Стоит ли пытаться еще? Стоит, раз уж я так гордо заявила, что разберусь сама.
Если б удалось перетянуть на свою сторону хоть одного-единственного ученика, союзника, чтобы вбить его, как клин, в это вражеское окружение.
Но кого же ты перетянешь на свою сторону, бедная, невезучая Таня, когда все так дружно ополчились против тебя?
Она слонялась как тень по своей учительской квартире, которую пообещал ей референт в министерстве и которая — какое чудо! — действительно ждала ее. Комната и кухонька с черной плитой, белёные стены, пол выскоблен и натерт ядовито-желтой краской.
— Для одного здесь места хватит, — сказала сторожиха Юрашкова тоном, не допускавшим возражений. — Дровяной сарай во дворе, колонка под окнами, пол я вам выскоблила. Когда прибудет ваша мебель, можете позвать меня.
Таня поежилась. Она боялась ступить на пол, осквернить его неприступную чистоту, боялась признаться, что никакой мебели у нее нет. Ей обещали учительскую квартиру, но ей, несведущей в житейских делах, и в голову не пришло, что квартира означает одни лишь голые стены.
— Как же так? Собираетесь здесь жить и даже завалящую раскладушку с собой не привезли? — удивлялась Юрашкова.
— Я не думала, не сообразила… — бормотала Таня. Чтобы не провалиться сквозь землю от стыда, она открыла чемодан и делала вид, что ищет в нем что-то.
На самом верху в чемодане лежала шаль, противная кричаще-зеленая кашемировая шаль с кроваво-красными розами. Мама ее где-то раздобыла и силком сунула Тане в чемодан: пригодится, мол, когда ударят морозы.
Юрашкова всплеснула руками:
— Ой, до чего же хорош платок! Откуда он у вас? Теперь ведь такой только по знакомству и достанешь.
Таня чуть не подпрыгнула от радости.
— Нравится вам этот платок, тетушка? Так возьмите его себе — это за то, что вы так хорошо выскоблили пол.
Юрашкова потянулась за платком, развернула его, залюбовалась великолепными красками. Потом покачала головой над Таней, над этим странным, беспомощным существом.

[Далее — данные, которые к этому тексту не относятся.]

lemma inexact_halpern_residual_bound:
  fixes J :: "'a::real_inner \<Rightarrow> 'a" and x y :: "nat \<Rightarrow> 'a"
  assumes \<alpha>: "\<alpha> > 0" and \<gamma>: "\<gamma> > 0" and K: "K \<ge> 1"
    and coco: "cocoercive \<alpha> (\<lambda>z. z - J z)" and xs: "J xs = xs"
    and x0: "x 0 = x0"
    and step: "\<And>k. x (Suc k) = (1 / (real k + 2)) *\<^sub>R x0
                 + (1 - 1 / (real k + 2)) *\<^sub>R ((1 - \<alpha>) *\<^sub>R x k + \<alpha> *\<^sub>R y k)"
  shows "\<alpha> * real K * (real K + 1) / 4 * (norm (x K - J (x K)))\<^sup>2
    \<le> (real K + 1) / (real K * \<alpha>) * (norm (xs - x0))\<^sup>2
       + (\<Sum>k<K. \<alpha> * (\<gamma> + 1) / (2 * \<gamma>) * (real k + 1) * (real k + 2) * (norm (y k - J (x k)))\<^sup>2
                 + \<gamma> * \<alpha> / 2 * (norm (x k - J (x k)))\<^sup>2)"
proof -
  define r where "r k = x k - J (x k)" for k
  define e where "e k = y k - J (x k)" for k
  define V where "V k = (real k + 1) * inner (r k) (x k - x0)
                      + \<alpha> * real k * (real k + 1) / 2 * (norm (r k))\<^sup>2" for k
  define w where "w k = \<alpha> * (\<gamma> + 1) / (2 * \<gamma>) * (real k + 1) * (real k + 2) * (norm (e k))\<^sup>2
                      + \<gamma> * \<alpha> / 2 * (norm (r k))\<^sup>2" for k
  have V_step: "V (Suc k) \<le> V k + w k" for k
  proof -
    define n where "n = real k + 1"
    have n: "n \<ge> 0" by (simp add: n_def)
    have "(1 - \<alpha>) *\<^sub>R x k + \<alpha> *\<^sub>R y k = x k - \<alpha> *\<^sub>R r k + \<alpha> *\<^sub>R e k"
      by (simp add: r_def e_def algebra_simps)
    then have "(real k + 2) *\<^sub>R (x (Suc k) - x0) = n *\<^sub>R ((x k - \<alpha> *\<^sub>R r k + \<alpha> *\<^sub>R e k) - x0)"
      using halpern_step_shift[OF step[of k]] by (simp only: n_def)
    moreover have "real k + 2 = n + 1" by (simp add: n_def)
    ultimately have "(n + 1) *\<^sub>R (x (Suc k) - x0) = n *\<^sub>R ((x k - x0) - \<alpha> *\<^sub>R r k + \<alpha> *\<^sub>R e k)"
      by (simp add: algebra_simps)
    moreover have "inner (r (Suc k) - r k) ((x (Suc k) - x0) - (x k - x0))
        \<ge> \<alpha> * (norm (r (Suc k) - r k))\<^sup>2"
      using coco unfolding cocoercive_def r_def by simp
    ultimately have "(n + 1) * inner (r (Suc k)) (x (Suc k) - x0)
          + \<alpha> * n * (n + 1) / 2 * (norm (r (Suc k)))\<^sup>2
        \<le> n * inner (r k) (x k - x0) + \<alpha> * (n - 1) * n / 2 * (norm (r k))\<^sup>2
          + \<alpha> * n * (n + 1) / 2 * (norm (e k))\<^sup>2 + \<alpha> * n * inner (r k) (e k)"
      using \<alpha> n by (intro halpern_potential_step) auto
    moreover have "\<alpha> * (n * inner (r k) (e k))
        \<le> \<alpha> * (\<gamma> / 2 * (norm (r k))\<^sup>2 + n\<^sup>2 / (2 * \<gamma>) * (norm (e k))\<^sup>2)"
      using \<alpha> inner_young[OF \<gamma>] by (simp add: mult_left_mono)
    moreover have "\<alpha> * n * (n + 1) / 2 + \<alpha> * n\<^sup>2 / (2 * \<gamma>) \<le> \<alpha> * (\<gamma> + 1) / (2 * \<gamma>) * n * (n + 1)"
      using \<alpha> \<gamma> n by (simp add: field_simps power2_eq_square)
    then have "(\<alpha> * n * (n + 1) / 2 + \<alpha> * n\<^sup>2 / (2 * \<gamma>)) * (norm (e k))\<^sup>2
        \<le> \<alpha> * (\<gamma> + 1) / (2 * \<gamma>) * n * (n + 1) * (norm (e k))\<^sup>2"
      by (rule mult_right_mono) simp_all
    ultimately show ?thesis
      unfolding V_def w_def n_def by (simp add: algebra_simps)
  qed
  have V_bound: "V m \<le> (\<Sum>k<m. w k)" for m
  proof (induction m)
    case 0 then show ?case by (simp add: V_def x0)
  next
    case (Suc m) then show ?case using V_step[of m] by simp
  qed
  have "inner (r K) (x K - xs) \<ge> 0"
    using cocoercive_inner_nonneg[OF coco] \<alpha> xs unfolding r_def by simp
  moreover have "inner (r K) (xs - x0) \<ge> - (norm (r K) * norm (xs - x0))"
    using Cauchy_Schwarz_ineq2[of "r K" "xs - x0"] by linarith
  ultimately have "inner (r K) (x K - x0) \<ge> - (norm (r K) * norm (xs - x0))"
    by (simp add: inner_diff_right)
  then have "(real K + 1) * - (norm (r K) * norm (xs - x0)) \<le> (real K + 1) * inner (r K) (x K - x0)"
    by (rule mult_left_mono) simp
  then have "\<alpha> * real K * (real K + 1) / 2 * (norm (r K))\<^sup>2
      - (real K + 1) * (norm (r K) * norm (xs - x0)) \<le> V K"
    unfolding V_def by simp
  then show ?thesis
    using quadratic_residual_bound[OF \<alpha>, of "real K"] V_bound[of K] K
    unfolding w_def r_def e_def by fastforce
qed
lemma nominal_act_inv_act:
  assumes "nominal X" "fperm p" "x \<in> carrier X"
  shows "act X (inv p) (act X p x) = x"
proof -
  have "inv p \<circ> p = id" using assms(2) by (simp add: fperm_def bij_is_inj)
  then show ?thesis
    using nominal_act_comp[OF assms(1) fperm_inv[OF assms(2)] assms(2,3)] nominal_act_id[OF assms(1,3)]
    by simp
qed

lemma nominal_act_swp_swp:
  assumes "nominal X" "x \<in> carrier X"
  shows "act X (swp a b) (act X (swp a b) x) = x"
proof -
  have "swp a b \<circ> swp a b = id" by (simp add: fun_eq_iff)
  then show ?thesis
    using nominal_act_comp[OF assms(1) fperm_swp[of a b] fperm_swp[of a b] assms(2)] nominal_act_id[OF assms]
    by simp
qed

lemma equivariantD:
  "equivariant X Y f \<Longrightarrow> x \<in> carrier X \<Longrightarrow> f x \<in> carrier Y"
  "equivariant X Y f \<Longrightarrow> fperm p \<Longrightarrow> x \<in> carrier X \<Longrightarrow> f (act X p x) = act Y p (f x)"
  by (simp_all add: equivariant_def)

lemma equivariant_id: "equivariant X X id"
  by (simp add: equivariant_def)

lemma equivariant_comp: "equivariant X Y f \<Longrightarrow> equivariant Y W g \<Longrightarrow> equivariant X W (g \<circ> f)"
  by (simp add: equivariant_def)

subsection \<open>Support\<close>

lemma supports_swp_fixes: "supports X A x \<Longrightarrow> a \<notin> A \<Longrightarrow> b \<notin> A \<Longrightarrow> act X (swp a b) x = x"
  unfolding supports_def using fperm_swp[of a b] by (auto simp: swp_def)

lemma supports_if_swaps_fix:
  assumes X: "nominal X" and x: "x \<in> carrier X"
    and swaps: "\<And>a b. a \<notin> C \<Longrightarrow> b \<notin> C \<Longrightarrow> act X (swp a b) x = x"
  shows "supports X C x"
  unfolding supports_def
proof (intro allI impI, elim conjE)
  fix p assume "fperm p" "\<forall>a\<in>C. p a = a"
  then show "act X p x = x"
  proof (induction p rule: fperm_fixing_induct)
    case id
    show ?case using nominal_act_id[OF X x] .
  next
    case (swp a b q)
    then show ?case using nominal_act_comp[OF X fperm_swp swp.hyps(3) x] swaps by presburger
  qed
qed

lemma supports_Int:
  assumes X: "nominal X" and x: "x \<in> carrier X" and "finite A" "finite B"
    and A: "supports X A x" and B: "supports X B x"
  shows "supports X (A \<inter> B) x"
proof (rule supports_if_swaps_fix[OF X x])
  fix a b assume a: "a \<notin> A \<inter> B" and b: "b \<notin> A \<inter> B"
  show "act X (swp a b) x = x"
  proof (cases "a = b")
    case True
    then have "swp a b = id" by (simp add: swp_def fun_eq_iff)
    then show ?thesis using nominal_act_id[OF X x] by simp
  next
    case False
    obtain c where c: "c \<notin> A \<union> B \<union> {a, b}"
      using ex_new_if_finite[OF infinite_UNIV_nat, of "A \<union> B \<union> {a, b}"] \<open>finite A\<close> \<open>finite B\<close>
      by auto
    text \<open>Each of the swaps \<open>(a c)\<close>, \<open>(b c)\<close> moves only names outside \<open>A\<close> or only
      names outside \<open>B\<close>.\<close>
    have ac: "act X (swp a c) x = x" and bc: "act X (swp b c) x = x"
      using a b c supports_swp_fixes[OF A] supports_swp_fixes[OF B] by auto
    have "swp a b = swp a c \<circ> (swp b c \<circ> swp a c)"
      using False c by (auto simp: swp_def fun_eq_iff)
    then show ?thesis
      using nominal_act_comp[OF X fperm_swp fperm_comp[OF fperm_swp fperm_swp] x]
        nominal_act_comp[OF X fperm_swp fperm_swp x] ac bc by simp
  qed
qed

lemma supp_least: "finite A \<Longrightarrow> supports X A x \<Longrightarrow> supp X x \<subseteq> A"
  unfolding supp_def by blast

lemma finite_supp_supports:
  assumes X: "nominal X" and x: "x \<in> carrier X"
  shows "finite (supp X x) \<and> supports X (supp X x) x"
proof -
  let ?F = "{A. finite A \<and> supports X A x}"
  obtain A0 where "A0 \<in> ?F" using X x unfolding nominal_def by blast
  then obtain A where A: "A \<in> ?F" and min: "\<And>B. B \<in> ?F \<Longrightarrow> card A \<le> card B"
    using ex_has_least_nat[of "\<lambda>A. A \<in> ?F" A0 card] by auto
  have least: "A \<subseteq> B" if B: "B \<in> ?F" for B
  proof -
    have fin: "finite A" using A by simp
    have "A \<inter> B \<in> ?F" using A B supports_Int[OF X x] by auto
    then have "card A \<le> card (A \<inter> B)" by (rule min)
    moreover have "card (A \<inter> B) \<le> card A" using fin by (intro card_mono) auto
    ultimately have "A \<inter> B = A" using card_subset_eq[OF fin, of "A \<inter> B"] by simp
    then show ?thesis by blast
  qed
  have "supp X x \<subseteq> A" unfolding supp_def using A by (rule Inter_lower)
  moreover have "A \<subseteq> supp X x" unfolding supp_def using least by (rule Inter_greatest)
  ultimately have "supp X x = A" by (rule antisym)
  then show ?thesis using A by simp
qed

lemma finite_supp: "nominal X \<Longrightarrow> x \<in> carrier X \<Longrightarrow> finite (supp X x)"
  by (rule conjunct1[OF finite_supp_supports])

lemma supports_supp: "nominal X \<Longrightarrow> x \<in> carrier X \<Longrightarrow> supports X (supp X x) x"
  by (rule conjunct2[OF finite_supp_supports])

lemma supp_equivariant_subset:
  assumes X: "nominal X" and f: "equivariant X Y f" and x: "x \<in> carrier X"
  shows "supp Y (f x) \<subseteq> supp X x"
proof (rule supp_least[OF finite_supp[OF X x]])
  show "supports Y (supp X x) (f x)"
    using supports_supp[OF X x] equivariantD(2)[OF f _ x] unfolding supports_def by metis
qed

lemma supp_act_subset:
  assumes X: "nominal X" and p: "fperm p" and x: "x \<in> carrier X"
  shows "supp X (act X p x) \<subseteq> p ` supp X x"
proof (rule supp_least)
  show "finite (p ` supp X x)" using finite_supp[OF X x] by simp
  show "supports X (p ` supp X x) (act X p x)" unfolding supports_def
  proof (intro allI impI, elim conjE)
    fix q assume q: "fperm q" and fix_q: "\<forall>a\<in>p ` supp X x. q a = a"
    have bij: "bij p" using p by (simp add: fperm_def)
    define r where "r = inv p \<circ> q \<circ> p"
    have r: "fperm r" unfolding r_def using fperm_comp fperm_inv p q by blast
    have "\<forall>a\<in>supp X x. r a = a" using fix_q bij by (simp add: r_def bij_is_inj)
    then have rx: "act X r x = x" using supports_supp[OF X x] r unfolding supports_def by blast
    have "q \<circ> p = p \<circ> r" unfolding r_def using bij by (simp add: fun_eq_iff bij_is_surj surj_f_inv_f)
    then show "act X q (act X p x) = act X p x"
      using nominal_act_comp[OF X q p x] nominal_act_comp[OF X p r x] rx by simp
  qed
qed
(* Let $A,B,C,D$ be smooth real functions on an open subset of $\mathbb R^4$ with coordinates $(x_0,x_1,x_2,x_3)$, $\partial_i=\partial/\partial x_i$, and let $h$ be the $H$-valued map $h=\begin{pmatrix}1&A&B&D\\0&1&A&C\\0&0&1&A\\0&0&0&1\end{pmatrix}$. Let $(V_0,V_1,V_2,V_3)$ be the framing dual to the coframing $h\,\mathrm dx$, explicitly $$V_0=\partial_0,\quad V_1=\partial_1-A\partial_0,\quad V_2=\partial_2-A\partial_1-(B-A^2)\partial_0,$$ $$V_3=\partial_3-A\partial_2-(C-A^2)\partial_1-(D-(C+B)A+A^3)\partial_0.$$ Then the $\mathrm{GL}(2)$-structure containing the coframing $h\,\mathrm dx$ is torsion-free if and only if $$\begin{aligned} &V_2(D)-V_3(B)-AV_2(B)-CV_2(A)+AV_3(A)+A^2V_2(A)=0,\\ &2V_1(D)-V_2(C)-2AV_1(B)-V_3(A)+AV_2(A)+2A^2V_1(A)-2CV_1(A)=0,\\ &V_0(D)-2V_1(C)+3V_1(B)-AV_0(B)-2V_2(A)-AV_1(A)-CV_0(A)+A^2V_0(A)=0,\\ &V_0(C)-2V_0(B)+V_1(A)+AV_0(A)=0. \end{aligned}$$
   Context: $\mathcal V_3$ is the space of real binary cubic forms in $x,y$ with the linear-substitution action of $\mathrm{GL}(2,\mathbb R)$; $G_3\subset\mathrm{GL}(\mathcal V_3)$ is its image, and $\mathcal V_3\cong\mathbb R^4$ via $x^{3-i}y^i\mapsto e_{i+1}$. A $\mathrm{GL}(2)$-structure is a $G_3$-structure (reduction of the coframe bundle, coframes valued in $\mathbb R^4$, to $G_3$); the $\mathrm{GL}(2)$-structure containing a coframing $\eta$ is the one whose fibre at each point is the $G_3$-orbit of $\eta$. It is torsion-free if there is a principal $G_3$-connection $\theta$ with $\mathrm d\omega=-\theta\wedge\omega$ for the tautological form $\omega$. *)

theory Defs
  imports "HOL-Analysis.Analysis"
begin

definition pd :: "4 \<Rightarrow> (real^4 \<Rightarrow> real) \<Rightarrow> real^4 \<Rightarrow> real" where
  "pd i f x = frechet_derivative f (at x) (axis i 1)"

fun Ck :: "nat \<Rightarrow> (real^4) set \<Rightarrow> (real^4 \<Rightarrow> real) \<Rightarrow> bool" where
  "Ck 0 U f = continuous_on U f"
| "Ck (Suc k) U f = ((\<forall>x\<in>U. f differentiable (at x)) \<and> (\<forall>i. Ck k U (pd i f)))"

definition smooth_on :: "(real^4) set \<Rightarrow> (real^4 \<Rightarrow> real) \<Rightarrow> bool" where
  "smooth_on U f \<longleftrightarrow> (\<forall>k. Ck k U f)"

text \<open>Binary cubic form with coefficient vector v (x^(3-i) y^i <-> e_(i+1), index i here).\<close>
definition cubic :: "real^4 \<Rightarrow> real \<Rightarrow> real \<Rightarrow> real" where
  "cubic v x y = v$0 * x^3 + v$1 * x^2 * y + v$2 * x * y^2 + v$3 * y^3"

definition G3 :: "(real^4^4) set" where
  "G3 = {M. \<exists>a b c d. a * d - b * c \<noteq> 0 \<and>
           (\<forall>v x y. cubic (M *v v) x y = cubic v (a * x + b * y) (c * x + d * y))}"

definition g3 :: "(real^4^4) set" where
  "g3 = {X. \<exists>\<gamma>. \<gamma> 0 = mat 1 \<and> (\<forall>t. \<gamma> t \<in> G3) \<and> (\<gamma> has_vector_derivative X) (at 0)}"

text \<open>A coframing eta on U: eta p $ a $ j is the coefficient of dx^j in eta^a at p.
  The G_3-structure containing eta is torsion-free iff there is a (smooth) principal
  G_3-connection, equivalently (pulling back along the section eta) a smooth
  g_3-valued 1-form theta on U (theta p j = theta(d/dx_j) at p) with
  d eta = - theta \<and> eta.\<close>
definition torsion_free_Gstr :: "(real^4) set \<Rightarrow> (real^4 \<Rightarrow> real^4^4) \<Rightarrow> bool" where
  "torsion_free_Gstr U \<eta> \<longleftrightarrow>
    (\<exists>\<theta> :: real^4 \<Rightarrow> 4 \<Rightarrow> real^4^4.
       (\<forall>j a b. smooth_on U (\<lambda>p. \<theta> p j $ a $ b)) \<and>
       (\<forall>p\<in>U. \<forall>j. \<theta> p j \<in> g3) \<and>
       (\<forall>p\<in>U. \<forall>a j k.
          pd j (\<lambda>q. \<eta> q $ a $ k) p - pd k (\<lambda>q. \<eta> q $ a $ j) p
          = - (\<Sum>b\<in>UNIV. \<theta> p j $ a $ b * \<eta> p $ b $ k - \<theta> p k $ a $ b * \<eta> p $ b $ j)))"

definition hmat :: "(real^4 \<Rightarrow> real) \<Rightarrow> (real^4 \<Rightarrow> real) \<Rightarrow> (real^4 \<Rightarrow> real) \<Rightarrow> (real^4 \<Rightarrow> real)
                    \<Rightarrow> real^4 \<Rightarrow> real^4^4" where
  "hmat A B C D p = (\<chi> a j.
     if a = j then 1
     else if (a = 0 \<and> j = 1) \<or> (a = 1 \<and> j = 2) \<or> (a = 2 \<and> j = 3) then A p
     else if a = 0 \<and> j = 2 then B p
     else if a = 1 \<and> j = 3 then C p
     else if a = 0 \<and> j = 3 then D p
     else 0)"

definition V0 :: "(real^4 \<Rightarrow> real) \<Rightarrow> real^4 \<Rightarrow> real" where
  "V0 f p = pd 0 f p"
definition V1 :: "(real^4 \<Rightarrow> real) \<Rightarrow> (real^4 \<Rightarrow> real) \<Rightarrow> real^4 \<Rightarrow> real" where
  "V1 A f p = pd 1 f p - A p * pd 0 f p"
definition V2 :: "(real^4 \<Rightarrow> real) \<Rightarrow> (real^4 \<Rightarrow> real) \<Rightarrow> (real^4 \<Rightarrow> real) \<Rightarrow> real^4 \<Rightarrow> real" where
  "V2 A B f p = pd 2 f p - A p * pd 1 f p - (B p - (A p)^2) * pd 0 f p"
definition V3 :: "(real^4 \<Rightarrow> real) \<Rightarrow> (real^4 \<Rightarrow> real) \<Rightarrow> (real^4 \<Rightarrow> real) \<Rightarrow> (real^4 \<Rightarrow> real)
                  \<Rightarrow> (real^4 \<Rightarrow> real) \<Rightarrow> real^4 \<Rightarrow> real" where
  "V3 A B C D f p = pd 3 f p - A p * pd 2 f p - (C p - (A p)^2) * pd 1 f p
      - (D p - (C p + B p) * A p + (A p)^3) * pd 0 f p"

end

theory Submission
  imports Defs
begin

text \<open>
  Write a connection form in the coframe \<eta> = h dx as \<theta> = \<Sum>c \<eta>^c \<phi>_c with \<phi>_c in the Lie
  algebra g3 = gl(2). The structure equation d\<eta> = - \<theta> \<and> \<eta> becomes \<tau> = - \<delta>\<phi>, where
  \<tau>^a_cb = d\<eta>^a(V_c, V_b) are the components of d\<eta> in the dual frame V_0, ..., V_3 and
  (\<delta>\<phi>)^a_cb = (\<phi>_c)^a_b - (\<phi>_b)^a_c is the Spencer map of g3, a linear map with constant
  coefficients from a 16- to a 24-dimensional space. It is injective, and its range is the
  common kernel of eight linear functionals. For the coframe h dx four of them vanish
  identically and the other four are the expressions of the theorem. Conversely, when they
  vanish an explicit left inverse of - \<delta> yields \<phi>, hence a connection that is polynomial in
  A, B, C, D and their first derivatives, so smooth.

  The Lie algebra g3 itself is found by differentiating, at the identity, twelve quadrics that
  vanish on G3.
\<close>

lemma sum_UNIV_4: "(\<Sum>i\<in>(UNIV::4 set). f i) = f 0 + f 1 + f 2 + f 3"
proof -
  have four: "(4::4) = 0"
    by simp
  show ?thesis
    unfolding sum_4 four by (simp add: ac_simps)
qed

lemma forall_UNIV_4: "(\<forall>i::4. P i) \<longleftrightarrow> P 0 \<and> P 1 \<and> P 2 \<and> P 3"
proof -
  have four: "(4::4) = 0"
    by simp
  show ?thesis
    unfolding forall_4 four by blast
qed

section \<open>Smooth functions\<close>

lemma pd_const [simp]: "pd i (\<lambda>x. c) p = 0"
  by (simp add: pd_def)

lemma pd_cong_open:
  assumes "open U" "x \<in> U" "\<And>y. y \<in> U \<Longrightarrow> f y = g y"
  shows "pd i f x = pd i g x"
proof -
  have "(f has_derivative D) (at x) \<longleftrightarrow> (g has_derivative D) (at x)" for D
    using has_derivative_transform_within_open[OF _ assms(1,2)] assms(3) by metis
  then show ?thesis
    unfolding pd_def frechet_derivative_def by simp
qed

lemma differentiable_cong_open:
  assumes "open U" "x \<in> U" "\<And>y. y \<in> U \<Longrightarrow> f y = g y" "f differentiable (at x)"
  shows "g differentiable (at x)"
  using assms has_derivative_transform_within_open[OF _ assms(1,2)]
  unfolding differentiable_def by metis

lemma Ck_cong_open:
  assumes "open U" "\<And>y. y \<in> U \<Longrightarrow> f y = g y" "Ck k U f"
  shows "Ck k U g"
  using assms(2,3)
proof (induction k arbitrary: f g)
  case 0
  then show ?case
    using continuous_on_cong by (metis Ck.simps(1))
next
  case (Suc k)
  have "g differentiable (at x)" if "x \<in> U" for x
  proof (rule differentiable_cong_open[OF assms(1) that Suc.prems(1)])
    show "f differentiable (at x)"
      using Suc.prems(2) that by simp
  qed
  moreover have "Ck k U (pd i g)" for i
  proof (rule Suc.IH)
    show "pd i f y = pd i g y" if "y \<in> U" for y
      using pd_cong_open[OF assms(1) that Suc.prems(1)] .
    show "Ck k U (pd i f)"
      using Suc.prems(2) by simp
  qed
  ultimately show ?case
    by simp
qed

lemma Ck_SucD: "Ck (Suc k) U f \<Longrightarrow> Ck k U f"
proof (induction k arbitrary: f)
  case 0
  then show ?case
    by (auto intro!: differentiable_imp_continuous_on differentiable_at_imp_differentiable_on)
next
  case (Suc k)
  then show ?case
    by (simp only: Ck.simps) blast
qed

— Знаете что? Сходите-ка в комитет, к Янчовичу, пусть он вам даст мебель из за́мка. У них там полон сарай всякого добра — шкафы, кушетки, даже стульчики на золотых ножках.
Потом еще раз полюбовалась на платок и решительно заявила:
— Сама пойду. Вам-то, я вижу, что хочешь можно подсунуть.
Но Таня все же упросила взять ее с собой. Она боялась стульчиков на золотых ножках, справедливо опасаясь, что Юрашкова остановит свой выбор именно на них.
Янчович охотно отпер сарай:
— Выбирайте себе на здоровье, пока мыши все это не сглодали.
Итак, Таня обставила квартирку музейной мебелью из зáмка, может быть, исторически ценной, но довольно ветхой. Теперь у нее есть шкаф, скрипучий, но глубокий, как исповедальня, секретер на могучих медвежьих лапах, украшенный резными амурчиками, небольшой столик, креслица с камчатной обивкой и латунная кровать, вызвавшая явное неодобрение Юрашковой.